Item 7A.    Quantitative and Qualitative Disclosures About Market Risk

        The information in the sections entitled "Management's Discussion and Analysis of Financial Condition and Results of Operations" and "Market Risk" and in Note 4 to the consolidated financial statements in our 2003 Annual Report is incorporated herein by reference.


Item 8.    Financial Statements and Supplementary Data

        The consolidated financial statements and notes thereto, together with the report thereon of independent auditors contained in our 2003 Annual Report, are incorporated herein by reference.


Item 9.    Changes in and Disagreements with Accountants on Accounting and Financial Disclosure

        Not applicable.


PART III

Item 10.    Directors and Executive Officers of Medtronic

        The sections entitled "Proposal 1—Election of Directors—Directors and Nominees", "Governance of the Company—Audit Committee Financial Experts", and "Section 16(a) Beneficial Ownership Reporting Compliance" of our Proxy Statement for our 2003 Annual Shareholders' Meeting is incorporated herein by reference. See also "Executive Officers of Medtronic" on pages 23 through 25 hereof.

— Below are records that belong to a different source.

lemma rspan_add:
  assumes "x \<in> rspan R S" "y \<in> rspan R S"
  shows "x + y \<in> rspan R S"
proof -
  obtain F1 c1 where 1: "finite F1" "F1 \<subseteq> S" "\<forall>s\<in>F1. c1 s \<in> R" "x = (\<Sum>s\<in>F1. c1 s * s)"
    using assms(1) by (rule rspanE)
  obtain F2 c2 where 2: "finite F2" "F2 \<subseteq> S" "\<forall>s\<in>F2. c2 s \<in> R" "y = (\<Sum>s\<in>F2. c2 s * s)"
    using assms(2) by (rule rspanE)
  define c where "c s = (if s \<in> F1 then c1 s else 0) + (if s \<in> F2 then c2 s else 0)" for s
  have "(\<Sum>s\<in>F1 \<union> F2. c s * s)
      = (\<Sum>s\<in>F1 \<union> F2. if s \<in> F1 then c1 s * s else 0) + (\<Sum>s\<in>F1 \<union> F2. if s \<in> F2 then c2 s * s else 0)"
    unfolding c_def sum.distrib[symmetric] by (rule sum.cong) (auto simp: distrib_right)
  also have "\<dots> = x + y"
    using 1 2 by (simp add: sum.inter_restrict[symmetric] Int_absorb1)
  finally show ?thesis
    using 1 2 by (intro rspanI[of "F1 \<union> F2" _ c]) (auto simp: c_def zero_closed add_closed)
qed

lemma rspan_ideal: "S \<subseteq> R \<Longrightarrow> ideal_of R (rspan R S)"
  unfolding ideal_of_def
proof (intro conjI ballI)
  assume "S \<subseteq> R"
  then show "rspan R S \<subseteq> R"
    using rspan_subset_ideal[OF ideal_carrier] by blast
next
  fix r x assume "r \<in> R" "x \<in> rspan R S"
  then obtain F c where F: "finite F" "F \<subseteq> S" "\<forall>s\<in>F. c s \<in> R" "x = (\<Sum>s\<in>F. c s * s)"
    by (auto elim: rspanE)
  then have "r * x = (\<Sum>s\<in>F. (r * c s) * s)" by (simp add: sum_distrib_left mult.assoc)
  then show "r * x \<in> rspan R S" using F \<open>r \<in> R\<close> by (intro rspanI[of F]) (auto simp: mult_closed)
qed (auto simp: zero_in_rspan rspan_add)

        We have adopted a written Code of Ethics that applies to our chief executive officer, chief financial officer, corporate controller and treasurer, and to other senior financial officers performing similar functions who are identified from time to time by the chief executive officer. This Code of Ethics, which is part of our broader Code of Conduct applicable to all employees, is posted on our website, www.medtronic.com, under the "Corporate Governance" caption. Any amendments to, or waivers of, this Code of Ethics will be disclosed on our website promptly following the date of such amendment or waiver.


Item 11.    Executive Compensation

        The sections entitled "Proposal 1 — Election of Directors — Director Compensation", "Report of the Compensation Committee on Fiscal 2003 Executive Compensation", "Shareholder Return Performance Graph", and "Executive Compensation" in our Proxy Statement for our 2003 Annual Shareholders' Meeting are incorporated herein by reference.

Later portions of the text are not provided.